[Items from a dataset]
= = =
lemma Pmap_right_cell:
  assumes "k1 + k4 = m - 1" "0 < m" "0 \<le> t" "t \<le> 1"
  shows "Pmap q (Sm q m (0, k1, k4, 0)) (right_pt t) = right_pt ((real k1 + t) / real m)"
proof -
  obtain r1 r4 where r: "cell_vertices m (0, k1, k4, 0) = (r1, (0, k1+1, k4, 0), (0, k1, k4+1, 0), r4)"
    using cell_vertices_right[OF assms(1)] by blast
  have "real k4 = real m - real k1 - 1" using assms(1,2) by linarith
  then have coefs: "(1 - t) *\<^sub>R grid_coefs m (0, k1, k4+1, 0) + t *\<^sub>R grid_coefs m (0, k1+1, k4, 0)
      = (0, (real k1 + t) / real m, 1 - (real k1 + t) / real m, 0)"
    using assms(2) by (simp add: grid_coefs_def field_simps)
  have "Pmap q (Sm q m (0, k1, k4, 0)) (right_pt t)
      = (1 - t) *\<^sub>R qcomb (grid_coefs m (0, k1, k4+1, 0)) q + t *\<^sub>R qcomb (grid_coefs m (0, k1+1, k4, 0)) q"
    unfolding Sm_cell_vertices[OF boundary_cells_Aidx(4)[OF assms(1)] assms(2) r] Pmap_side_pts[OF assms(3,4)]
    by (simp add: add.commute)
  also have "\<dots> = right_pt ((real k1 + t) / real m)"
    unfolding qcomb_convex2 coefs right_pt_def ..
  finally show ?thesis .
qed

lemma orient_grid_point:
  assumes "0 < m" "grid_index m (a, b, c, d)"
  shows "orient P R (qcomb (grid_coefs m (a, b, c, d)) q)
    = (real a * orient P R Q1 + real b * orient P R Q2 + real c * orient P R Q3 + real d * orient P R Q4) / real m"
proof -
  have "real a / real m + real b / real m + real c / real m + real d / real m = 1"
    using assms unfolding grid_index_def by (simp add: add_divide_distrib[symmetric] flip: of_nat_add)
  then have "orient P R (qcomb (grid_coefs m (a, b, c, d)) q) = real a / real m * orient P R Q1
      + real b / real m * orient P R Q2 + real c / real m * orient P R Q3 + real d / real m * orient P R Q4"
    unfolding grid_coefs_def prod.case by (rule orient_qcomb)
  then show ?thesis by (simp add: add_divide_distrib)
qed

text \<open>A vertex of Q is separated from every cell other than the corner cell at it by a line
  parallel to the diagonal that avoids the vertex.\<close>

lemma corner_notin_cell:
  assumes "k \<in> Aidx m" "0 < m" "cell_vertices m k = (r1, r2, r3, r4)"
    "\<forall>r\<in>{r1, r2, r3, r4}. orient P R (qcomb (grid_coefs m r) q) \<le> M" "M < orient P R z"
  shows "z \<notin> quad_region (Sm q m k)"
proof -
  have "quad_region (Sm q m k) \<subseteq> {y. orient P R y \<le> M}"
    unfolding Sm_cell_vertices[OF assms(1-3)] using assms(4) by (intro quad_region_orient_le) simp
  then show ?thesis using assms(5) by auto
qed

lemma corners_notin_cells:
  assumes "k \<in> Aidx m" "2 \<le> m"
  shows "k \<noteq> (m-1, 0, 0, 0) \<Longrightarrow> Q1 \<notin> quad_region (Sm q m k)"
    and "k \<noteq> (0, m-1, 0, 0) \<Longrightarrow> Q2 \<notin> quad_region (Sm q m k)"
    and "k \<noteq> (0, 0, m-1, 0) \<Longrightarrow> Q3 \<notin> quad_region (Sm q m k)"
    and "k \<noteq> (0, 0, 0, m-1) \<Longrightarrow> Q4 \<notin> quad_region (Sm q m k)"
proof -
  have m: "0 < m" using assms(2) by simp
  obtain r1 r2 r3 r4 where r: "cell_vertices m k = (r1, r2, r3, r4)"
    by (cases "cell_vertices m k" rule: prod_cases4)
  have grid: "\<forall>r\<in>{r1, r2, r3, r4}. grid_index m r"
    using cell_vertices_grid_index[OF assms(1) m r] by simp
  note bounds = cell_vertices_coordinate_bounds[OF assms r]
  note notin = corner_notin_cell[OF assms(1) m r]
  have nonneg: "0 \<le> real x * orient Q1 Q2 Q3" "0 \<le> real x * orient Q1 Q3 Q4"
    "0 \<le> real x * orient Q1 Q2 Q4" "0 \<le> real x * orient Q2 Q3 Q4" for x
    using orient_pos by simp_all
  show "Q1 \<notin> quad_region (Sm q m k)" if "k \<noteq> (m-1, 0, 0, 0)"
  proof (rule notin)
    show "\<forall>r\<in>{r1, r2, r3, r4}. orient Q2 Q4 (qcomb (grid_coefs m r) q) \<le> (real m - 1) / real m * orient Q1 Q2 Q4"
      using grid bounds(1)[OF that] corner_bound[OF m _ orient_pos(3) nonneg(4)]
      by (force simp: orient_grid_point[OF m] orient_normalise)
    show "(real m - 1) / real m * orient Q1 Q2 Q4 < orient Q2 Q4 Q1"
      using corner_bound_less[OF m orient_pos(3)] by (simp add: orient_normalise)
  qed
  show "Q2 \<notin> quad_region (Sm q m k)" if "k \<noteq> (0, m-1, 0, 0)"
  proof (rule notin)
    show "\<forall>r\<in>{r1, r2, r3, r4}. orient Q3 Q1 (qcomb (grid_coefs m r) q) \<le> (real m - 1) / real m * orient Q1 Q2 Q3"
      using grid bounds(2)[OF that] corner_bound[OF m _ orient_pos(1) nonneg(2)]
      by (force simp: orient_grid_point[OF m] orient_normalise)
    show "(real m - 1) / real m * orient Q1 Q2 Q3 < orient Q3 Q1 Q2"
      using corner_bound_less[OF m orient_pos(1)] by (simp add: orient_normalise)
  qed
  show "Q3 \<notin> quad_region (Sm q m k)" if "k \<noteq> (0, 0, m-1, 0)"
  proof (rule notin)
    show "\<forall>r\<in>{r1, r2, r3, r4}. orient Q4 Q2 (qcomb (grid_coefs m r) q) \<le> (real m - 1) / real m * orient Q2 Q3 Q4"
      using grid bounds(3)[OF that] corner_bound[OF m _ orient_pos(4) nonneg(3)]
      by (force simp: orient_grid_point[OF m] orient_normalise)
    show "(real m - 1) / real m * orient Q2 Q3 Q4 < orient Q4 Q2 Q3"
      using corner_bound_less[OF m orient_pos(4)] by (simp add: orient_normalise)
  qed
  show "Q4 \<notin> quad_region (Sm q m k)" if "k \<noteq> (0, 0, 0, m-1)"
  proof (rule notin)
    show "\<forall>r\<in>{r1, r2, r3, r4}. orient Q1 Q3 (qcomb (grid_coefs m r) q) \<le> (real m - 1) / real m * orient Q1 Q3 Q4"
      using grid bounds(4)[OF that] corner_bound[OF m _ orient_pos(2) nonneg(1)]
      by (force simp: orient_grid_point[OF m] orient_normalise)
    show "(real m - 1) / real m * orient Q1 Q3 Q4 < orient Q1 Q3 Q4"
      using corner_bound_less[OF m orient_pos(2)] by simp
  qed
qed

end

section \<open>Crossing paths\<close>

definition unit_square :: quad where
  "unit_square = ((0, 0), (1, 0), (1, 1), (0, 1))"

lemma convex_quad_unit_square: "convex_quad (0, 0) (1, 0) (1, 1) (0, 1)"
  by unfold_locales (simp add: convex_quad_acw_def left_turn_def cross2_def)

context convex_quad
begin

text \<open>P_q for the unit square is a piecewise affine homeomorphism of Q onto the unit
  square, in which the Fashoda meet theorem applies.\<close>

abbreviation "chart \<equiv> Pmap q unit_square"

lemma chart_qcomb:
  "(a, b, c, d) \<in> half1_coefs \<union> half2_coefs \<Longrightarrow> chart (qcomb (a, b, c, d) q) = (b + c, c + d)"
  using Pmap_qcomb[of "(a, b, c, d)" unit_square] by (simp add: unit_square_def)

lemma chart_inj_on: "inj_on chart Qhull"
proof (rule inj_onI)
  fix x y assume "x \<in> Qhull" "y \<in> Qhull" and eq: "chart x = chart y"
  then obtain \<alpha> \<beta> where \<alpha>: "\<alpha> \<in> half1_coefs \<union> half2_coefs" "x = qcomb \<alpha> q"
    and \<beta>: "\<beta> \<in> half1_coefs \<union> half2_coefs" "y = qcomb \<beta> q"
    unfolding Qhull_qcomb by blast
  have "qcomb \<alpha> unit_square = qcomb \<beta> unit_square"
    using eq Pmap_qcomb \<alpha> \<beta> by simp
  then have "\<alpha> = \<beta>"
    using inj_onD[OF convex_quad.qcomb_inj_on[OF convex_quad_unit_square]] \<alpha>(1) \<beta>(1)
    unfolding unit_square_def by blast
  then show "x = y" using \<alpha> \<beta> by simp
qed

lemma chart_unit_box:
  assumes "x \<in> Qhull"
  shows "0 \<le> fst (chart x) \<and> fst (chart x) \<le> 1 \<and> 0 \<le> snd (chart x) \<and> snd (chart x) \<le> 1"
proof -
  obtain \<alpha> where "\<alpha> \<in> half1_coefs \<union> half2_coefs" "x = qcomb \<alpha> q"
    using assms unfolding Qhull_qcomb by blast
  moreover obtain a b c d where "\<alpha> = (a, b, c, d)"
    by (cases \<alpha> rule: prod_cases4)
  ultimately have "(a, b, c, d) \<in> half1_coefs \<union> half2_coefs" "x = qcomb (a, b, c, d) q"
    by simp_all
  moreover from this(1) have "0 \<le> b + c \<and> b + c \<le> 1 \<and> 0 \<le> c + d \<and> c + d \<le> 1"
    unfolding half1_coefs_def half2_coefs_def by auto
  ultimately show ?thesis
    using chart_qcomb by (simp del: qcomb_simp)
qed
= = =
> **PROBLEM DETAILS**: The response must consist of the lines above, from the first one through the line containing "by (simp add: add.commute)", reproduced exactly.

> **TASK RESPONSE**:
lemma Pmap_right_cell:
  assumes "k1 + k4 = m - 1" "0 < m" "0 \<le> t" "t \<le> 1"
  shows "Pmap q (Sm q m (0, k1, k4, 0)) (right_pt t) = right_pt ((real k1 + t) / real m)"
proof -
  obtain r1 r4 where r: "cell_vertices m (0, k1, k4, 0) = (r1, (0, k1+1, k4, 0), (0, k1, k4+1, 0), r4)"
    using cell_vertices_right[OF assms(1)] by blast
  have "real k4 = real m - real k1 - 1" using assms(1,2) by linarith
  then have coefs: "(1 - t) *\<^sub>R grid_coefs m (0, k1, k4+1, 0) + t *\<^sub>R grid_coefs m (0, k1+1, k4, 0)
      = (0, (real k1 + t) / real m, 1 - (real k1 + t) / real m, 0)"
    using assms(2) by (simp add: grid_coefs_def field_simps)
  have "Pmap q (Sm q m (0, k1, k4, 0)) (right_pt t)
      = (1 - t) *\<^sub>R qcomb (grid_coefs m (0, k1, k4+1, 0)) q + t *\<^sub>R qcomb (grid_coefs m (0, k1+1, k4, 0)) q"
    unfolding Sm_cell_vertices[OF boundary_cells_Aidx(4)[OF assms(1)] assms(2) r] Pmap_side_pts[OF assms(3,4)]
    by (simp add: add.commute)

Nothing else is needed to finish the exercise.